たとえば、第二次世界大戦下のハンガリーを舞台にした 映画 『悪童日記』(2013年、ハンガリー)は、過酷で不条理な状況に置かれた双子の少年たちが、特異な方法で心身を鍛え抜きサバイバルしていく成長物語だが、折り合いの悪い祖母や見知らぬ大人から平手打ちされるシーンなど多数ある。

映画 『シスタースマイル ドミニクの歌』 は、第二次大戦後の復興期のベルギーが舞台だが、反抗的な発言をした娘が母親から平手打ちされるシーンがある。第二次世界大戦後の復興期においてすら、ヨーロッパでは教育現場においても暴力は当たり前であった大きな変化があったのは、戦後生まれ世代が中心となった「1968年革命」以降であろう。

そう考えれば、スイスもまた同様であったと考えるべきだろう。山岳地帯のスイスはかなり保守的な風土である。

ペスタロッチを生み出したスイスが、はたしてペスタロッチ流の理想にもとづいた教育の中心となっているかといえば、それとこれとは別でないだろうか。チューリヒやジュネーブのような都市を除けば、大半が山岳地帯の農村というスイスである。女性参政権が完全に認められたのが、なんと1991年(!)というほど保守的なスイスの風土であることを考えるべきなのだ。

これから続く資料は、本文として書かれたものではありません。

lemma win_prob_eq_judge_vote:
  assumes V: "valid_profile (2 * k + 3) \<Sigma>"
    and A_stable: "win_prob k (deviate (A_partisans k) always_A \<Sigma>) w = win_prob k \<Sigma> w"
    and R_stable: "win_prob k (deviate (R_partisans k) always_R \<Sigma>) w = win_prob k \<Sigma> w"
  shows "win_prob k \<Sigma> w = vote_prob (\<Sigma> (judge k)) w"
proof -
  let ?\<Sigma>\<^sub>A = "deviate (A_partisans k) always_A \<Sigma>" and ?\<Sigma>\<^sub>R = "deviate (R_partisans k) always_R \<Sigma>"
  let ?p = "vote_prob (\<Sigma> (judge k)) w"
  have V\<^sub>A: "valid_profile (2 * k + 3) ?\<Sigma>\<^sub>A" and V\<^sub>R: "valid_profile (2 * k + 3) ?\<Sigma>\<^sub>R"
    using V by (auto intro: valid_profile_deviate)
  have p: "0 \<le> ?p" "?p \<le> 1"
    using vote_prob_bounds[OF V judge_less] by auto
  have "win_prob k ?\<Sigma>\<^sub>A w = ?p + (1 - ?p) * nonjudge_at_least k ?\<Sigma>\<^sub>A w (k + 2)"
    unfolding win_prob_split[of k ?\<Sigma>\<^sub>A] nonjudge_at_least_deviate_A_bloc[OF V] by (simp add: vote_prob_deviate)
  moreover have "win_prob k ?\<Sigma>\<^sub>R w = ?p * nonjudge_at_least k ?\<Sigma>\<^sub>R w (k + 1)"
    unfolding win_prob_split[of k ?\<Sigma>\<^sub>R] nonjudge_at_least_deviate_R_bloc[OF V] by (simp add: vote_prob_deviate)
  moreover have "0 \<le> (1 - ?p) * nonjudge_at_least k ?\<Sigma>\<^sub>A w (k + 2)"
    using p nonjudge_at_least_bounds[OF V\<^sub>A] by simp
  moreover have "?p * nonjudge_at_least k ?\<Sigma>\<^sub>R w (k + 1) \<le> ?p"
    using p nonjudge_at_least_bounds[OF V\<^sub>R] by (simp add: mult_left_le)
  ultimately show ?thesis
    using A_stable R_stable by linarith
qed

lemma judge_pivotal:
  assumes V: "valid_profile (2 * k + 3) \<Sigma>"
    and mixed: "0 < vote_prob (\<Sigma> (judge k)) w" "vote_prob (\<Sigma> (judge k)) w < 1"
    and A_stable: "win_prob k (deviate (A_partisans k) always_A \<Sigma>) w = win_prob k \<Sigma> w"
    and R_stable: "win_prob k (deviate (R_partisans k) always_R \<Sigma>) w = win_prob k \<Sigma> w"
  shows "nonjudge_at_least k \<Sigma> w (k + 1) = 1" "nonjudge_at_least k \<Sigma> w (k + 2) = 0"
proof -
  let ?\<Sigma>\<^sub>A = "deviate (A_partisans k) always_A \<Sigma>" and ?\<Sigma>\<^sub>R = "deviate (R_partisans k) always_R \<Sigma>"
  let ?p = "vote_prob (\<Sigma> (judge k)) w" and ?Q = "nonjudge_at_least k"
  have split: "win_prob k \<Sigma>' w = ?p * ?Q \<Sigma>' w (k + 1) + (1 - ?p) * ?Q \<Sigma>' w (k + 2)"
    if "\<Sigma>' (judge k) = \<Sigma> (judge k)" for \<Sigma>'
    using win_prob_split[of k \<Sigma>' w] that by simp
  have "?Q \<Sigma> w (k + 1) = 1"
  proof (rule convex_combination_cancel(1)[OF mixed])
    show "?Q \<Sigma> w (k + 1) \<le> 1" "?Q \<Sigma> w (k + 2) \<le> ?Q ?\<Sigma>\<^sub>A w (k + 2)"
      using nonjudge_at_least_bounds[OF V] nonjudge_at_least_deviate_always_A_ge[OF V] by auto
    show "?p * ?Q \<Sigma> w (k + 1) + (1 - ?p) * ?Q \<Sigma> w (k + 2) = ?p * 1 + (1 - ?p) * ?Q ?\<Sigma>\<^sub>A w (k + 2)"
      using A_stable split[of \<Sigma>] split[of ?\<Sigma>\<^sub>A] nonjudge_at_least_deviate_A_bloc[OF V]
      by (simp add: deviate_def)
  qed
  moreover have "0 = ?Q \<Sigma> w (k + 2)"
  proof (rule convex_combination_cancel(2)[OF mixed])
    show "?Q ?\<Sigma>\<^sub>R w (k + 1) \<le> ?Q \<Sigma> w (k + 1)" "0 \<le> ?Q \<Sigma> w (k + 2)"
      using nonjudge_at_least_bounds[OF V] nonjudge_at_least_deviate_always_R_le[OF V] by auto
    show "?p * ?Q ?\<Sigma>\<^sub>R w (k + 1) + (1 - ?p) * 0 = ?p * ?Q \<Sigma> w (k + 1) + (1 - ?p) * ?Q \<Sigma> w (k + 2)"
      using R_stable split[of \<Sigma>] split[of ?\<Sigma>\<^sub>R] nonjudge_at_least_deviate_R_bloc[OF V]
      by (simp add: deviate_def)
  qed
  ultimately show "?Q \<Sigma> w (k + 1) = 1" "?Q \<Sigma> w (k + 2) = 0"
    by simp_all
qed

lemma profitable_deviation_exists:
  assumes V: "valid_profile (2 * k + 3) \<Sigma>"
  shows "\<exists>D \<Sigma>'. profitable_deviation (2 * k + 3) (expected_payoff k) \<Sigma> D \<Sigma>'"
proof (rule ccontr)
  assume stable: "\<nexists>D \<Sigma>'. profitable_deviation (2 * k + 3) (expected_payoff k) \<Sigma> D \<Sigma>'"
  let ?\<Sigma>\<^sub>A = "deviate (A_partisans k) always_A \<Sigma>" and ?\<Sigma>\<^sub>R = "deviate (R_partisans k) always_R \<Sigma>"
  let ?\<sigma> = "\<Sigma> (judge k)"
  have A_stable: "win_prob k ?\<Sigma>\<^sub>A w = win_prob k \<Sigma> w" for w
    using A_bloc_profits_if_outcome_moves[OF V] stable by blast
  have R_stable: "win_prob k ?\<Sigma>\<^sub>R w = win_prob k \<Sigma> w" for w
    using R_bloc_profits_if_outcome_moves[OF V] stable by blast
  have win: "win_prob k \<Sigma> w = vote_prob ?\<sigma> w" for w
    using win_prob_eq_judge_vote[OF V A_stable R_stable] .
  have "0 \<le> ?\<sigma> l" "?\<sigma> l \<le> 1" "0 \<le> ?\<sigma> h" "?\<sigma> h \<le> 1"
    using V judge_less[of k] by (simp_all add: valid_profile_def)
  then show False
  proof (cases rule: strategy_cases)
    case always_A
    then show False
      using R_bloc_and_judge_profit_if_A_certain[OF V] win stable by auto
  next
    case always_R
    then have "win_prob k ?\<Sigma>\<^sub>A w = 0" for w
      using A_stable win by simp
    then show False
      using A_bloc_and_judge_profit_if_R_certain[OF V] stable by blast
  next
    case sincere
    then show False
      using partisan_pair_profits_with_sincere_judge[OF V] win stable by auto
  next
    case mixed
    then have "nonjudge_at_least k \<Sigma> w (k + 1) = 1" "nonjudge_at_least k \<Sigma> w (k + 2) = 0" for w
      using judge_pivotal[OF V _ _ A_stable R_stable] by auto
    then show False
      using judge_profits_if_pivotal[OF V] mixed stable by blast
  qed
qed

theorem theorem1:
  shows "\<forall>N0::nat. \<exists>N Pw P \<mu> B v. N > N0 \<and> voting_instance N Pw P \<mu> B v \<and>
           \<not> (\<exists>\<Sigma>. eps_strong_BNE N Pw P \<mu> v 0 \<Sigma>)"
proof
  fix N0 :: nat
  have "\<not> eps_strong_BNE (2 * N0 + 3) uniform_prior signal_prob (quota N0) (payoff N0) 0 \<Sigma>" for \<Sigma>
    using profitable_deviation_exists[of N0 \<Sigma>]
    by (auto simp: strong_BNE_iff_no_profitable_deviation expected_payoff_def)
  moreover have "N0 < 2 * N0 + 3"
    by simp
  ultimately show "\<exists>N Pw P \<mu> B v. N > N0 \<and> voting_instance N Pw P \<mu> B v \<and>
           \<not> (\<exists>\<Sigma>. eps_strong_BNE N Pw P \<mu> v 0 \<Sigma>)"
    using voting_instance_example by blast
qed

end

「預言者故郷に容れられず」という格言があるが、理想主義者のペスタロッチの試みは、すくなくとも生前においては故国のスイスでは受け入れられなかった

むしろ、ペスタロッチから直接的な影響を受けたフレーベルによって当時の先進国プロイセン王国で、その後は英語圏で、さらにはドイツの影響を受けた大正時代の日本の私学で継承・発展していく。

とはいえ、現代でもペスタロッチ流の人間観にもとづく教育がマジョリティといえるのかどうか? これはただちにそうだと言う訳にはいかない。いまだマイノリティのままなのではないかという気もする。あるいは位置づけとしてはオルタナティブだといえようか。

教育における理想もそうだが、理想は、なかなか実現が難しいからこそ理想なのである。そういう言い方も可能かもしれない。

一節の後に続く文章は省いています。